**DATA FOR THIS EXERCISE:**
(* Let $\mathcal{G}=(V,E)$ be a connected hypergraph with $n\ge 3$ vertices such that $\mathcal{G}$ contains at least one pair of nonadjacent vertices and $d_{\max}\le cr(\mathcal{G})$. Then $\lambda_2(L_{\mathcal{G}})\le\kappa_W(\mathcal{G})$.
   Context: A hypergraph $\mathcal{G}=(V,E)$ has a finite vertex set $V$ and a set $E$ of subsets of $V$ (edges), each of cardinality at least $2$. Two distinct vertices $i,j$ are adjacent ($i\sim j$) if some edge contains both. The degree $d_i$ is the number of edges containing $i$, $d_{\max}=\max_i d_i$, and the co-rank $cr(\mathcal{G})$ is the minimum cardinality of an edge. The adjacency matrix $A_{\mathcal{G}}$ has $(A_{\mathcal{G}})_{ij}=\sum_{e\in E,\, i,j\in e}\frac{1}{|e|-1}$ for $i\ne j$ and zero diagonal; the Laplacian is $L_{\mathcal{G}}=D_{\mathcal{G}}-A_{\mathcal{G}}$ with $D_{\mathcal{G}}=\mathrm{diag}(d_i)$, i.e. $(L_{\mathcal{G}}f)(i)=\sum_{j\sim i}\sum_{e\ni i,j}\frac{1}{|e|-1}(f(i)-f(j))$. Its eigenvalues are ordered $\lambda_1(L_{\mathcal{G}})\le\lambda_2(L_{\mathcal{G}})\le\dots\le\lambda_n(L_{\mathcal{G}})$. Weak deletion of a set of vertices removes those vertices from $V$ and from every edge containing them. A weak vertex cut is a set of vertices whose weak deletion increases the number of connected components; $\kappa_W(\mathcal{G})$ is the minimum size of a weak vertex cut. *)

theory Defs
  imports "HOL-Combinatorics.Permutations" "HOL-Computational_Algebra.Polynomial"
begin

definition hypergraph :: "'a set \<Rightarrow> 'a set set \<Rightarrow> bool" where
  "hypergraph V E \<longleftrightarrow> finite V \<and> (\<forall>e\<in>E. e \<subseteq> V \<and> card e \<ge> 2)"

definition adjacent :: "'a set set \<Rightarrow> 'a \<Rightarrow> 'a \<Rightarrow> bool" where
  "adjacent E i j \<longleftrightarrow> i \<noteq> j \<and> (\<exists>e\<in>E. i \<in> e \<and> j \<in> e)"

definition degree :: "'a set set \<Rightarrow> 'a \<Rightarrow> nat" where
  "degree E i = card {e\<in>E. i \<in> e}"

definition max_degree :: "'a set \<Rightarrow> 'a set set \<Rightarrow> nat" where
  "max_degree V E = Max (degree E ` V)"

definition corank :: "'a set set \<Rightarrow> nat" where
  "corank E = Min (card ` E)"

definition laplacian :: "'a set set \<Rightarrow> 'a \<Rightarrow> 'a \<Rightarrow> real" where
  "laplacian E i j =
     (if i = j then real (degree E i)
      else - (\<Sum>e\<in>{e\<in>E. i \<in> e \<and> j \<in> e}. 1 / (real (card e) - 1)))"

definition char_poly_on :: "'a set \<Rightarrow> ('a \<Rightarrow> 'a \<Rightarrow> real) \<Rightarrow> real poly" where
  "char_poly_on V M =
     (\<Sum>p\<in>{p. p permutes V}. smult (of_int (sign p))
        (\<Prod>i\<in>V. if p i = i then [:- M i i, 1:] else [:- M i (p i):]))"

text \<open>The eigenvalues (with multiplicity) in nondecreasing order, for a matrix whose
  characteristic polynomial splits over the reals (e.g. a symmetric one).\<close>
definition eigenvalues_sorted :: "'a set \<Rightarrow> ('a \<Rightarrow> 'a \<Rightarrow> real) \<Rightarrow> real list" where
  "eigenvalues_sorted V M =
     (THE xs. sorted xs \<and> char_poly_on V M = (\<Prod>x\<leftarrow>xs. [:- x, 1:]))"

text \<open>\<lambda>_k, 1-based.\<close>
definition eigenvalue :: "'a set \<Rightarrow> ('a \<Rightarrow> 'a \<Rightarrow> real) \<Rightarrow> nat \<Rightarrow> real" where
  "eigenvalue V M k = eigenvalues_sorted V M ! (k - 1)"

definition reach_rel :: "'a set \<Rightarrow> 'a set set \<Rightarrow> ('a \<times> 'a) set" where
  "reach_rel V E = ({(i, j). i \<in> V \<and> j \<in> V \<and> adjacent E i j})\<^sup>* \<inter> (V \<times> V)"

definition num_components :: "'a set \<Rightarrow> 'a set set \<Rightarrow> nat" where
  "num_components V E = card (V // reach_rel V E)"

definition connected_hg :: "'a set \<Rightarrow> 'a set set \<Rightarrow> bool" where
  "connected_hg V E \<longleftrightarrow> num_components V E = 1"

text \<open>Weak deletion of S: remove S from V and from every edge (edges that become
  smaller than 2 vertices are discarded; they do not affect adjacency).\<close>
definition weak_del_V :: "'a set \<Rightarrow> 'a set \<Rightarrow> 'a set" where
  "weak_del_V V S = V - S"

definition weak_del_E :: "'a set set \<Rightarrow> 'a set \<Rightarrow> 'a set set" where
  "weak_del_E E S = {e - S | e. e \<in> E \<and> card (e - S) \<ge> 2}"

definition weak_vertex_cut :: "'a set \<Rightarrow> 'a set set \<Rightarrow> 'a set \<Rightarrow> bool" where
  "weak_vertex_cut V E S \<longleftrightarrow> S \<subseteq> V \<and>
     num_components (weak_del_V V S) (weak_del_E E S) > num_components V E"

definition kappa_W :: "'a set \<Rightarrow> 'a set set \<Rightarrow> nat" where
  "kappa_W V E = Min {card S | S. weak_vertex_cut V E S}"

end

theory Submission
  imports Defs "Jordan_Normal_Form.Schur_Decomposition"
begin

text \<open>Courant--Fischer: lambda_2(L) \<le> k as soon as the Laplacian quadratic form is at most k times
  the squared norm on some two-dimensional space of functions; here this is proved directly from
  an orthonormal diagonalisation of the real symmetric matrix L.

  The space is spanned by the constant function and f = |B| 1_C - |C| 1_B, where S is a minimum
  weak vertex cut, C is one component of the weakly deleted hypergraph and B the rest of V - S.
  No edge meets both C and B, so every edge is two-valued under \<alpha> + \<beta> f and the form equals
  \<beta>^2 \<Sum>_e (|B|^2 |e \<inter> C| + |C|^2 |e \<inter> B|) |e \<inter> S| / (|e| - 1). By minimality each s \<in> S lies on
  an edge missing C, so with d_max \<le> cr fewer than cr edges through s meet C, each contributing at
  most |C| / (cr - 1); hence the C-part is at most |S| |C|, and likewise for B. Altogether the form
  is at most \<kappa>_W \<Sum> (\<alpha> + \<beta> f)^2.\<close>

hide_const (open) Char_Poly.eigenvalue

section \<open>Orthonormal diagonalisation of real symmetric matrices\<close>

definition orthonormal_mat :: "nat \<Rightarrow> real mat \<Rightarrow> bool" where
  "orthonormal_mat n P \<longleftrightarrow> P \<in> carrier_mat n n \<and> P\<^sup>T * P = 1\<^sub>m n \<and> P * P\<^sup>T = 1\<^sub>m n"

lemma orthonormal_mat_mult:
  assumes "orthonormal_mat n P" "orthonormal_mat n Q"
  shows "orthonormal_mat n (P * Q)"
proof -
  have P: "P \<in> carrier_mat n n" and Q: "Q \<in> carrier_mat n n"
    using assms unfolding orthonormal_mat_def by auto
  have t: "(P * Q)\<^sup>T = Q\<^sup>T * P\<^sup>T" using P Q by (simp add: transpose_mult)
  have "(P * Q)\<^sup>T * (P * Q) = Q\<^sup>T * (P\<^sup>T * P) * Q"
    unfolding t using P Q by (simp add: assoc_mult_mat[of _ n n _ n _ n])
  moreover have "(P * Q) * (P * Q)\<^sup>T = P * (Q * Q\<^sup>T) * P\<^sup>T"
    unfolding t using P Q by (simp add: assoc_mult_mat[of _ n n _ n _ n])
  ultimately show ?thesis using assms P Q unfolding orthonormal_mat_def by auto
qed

**WHAT YOU NEED TO DO:**
In the records above, return precisely the line containing "(simp add: transpose_mult)" and each line that comes after it, up to the final one.

**YOUR SOLUTION:**
  have t: "(P * Q)\<^sup>T = Q\<^sup>T * P\<^sup>T" using P Q by (simp add: transpose_mult)
  have "(P * Q)\<^sup>T * (P * Q) = Q\<^sup>T * (P\<^sup>T * P) * Q"
    unfolding t using P Q by (simp add: assoc_mult_mat[of _ n n _ n _ n])
  moreover have "(P * Q) * (P * Q)\<^sup>T = P * (Q * Q\<^sup>T) * P\<^sup>T"
    unfolding t using P Q by (simp add: assoc_mult_mat[of _ n n _ n _ n])
  ultimately show ?thesis using assms P Q unfolding orthonormal_mat_def by auto
qed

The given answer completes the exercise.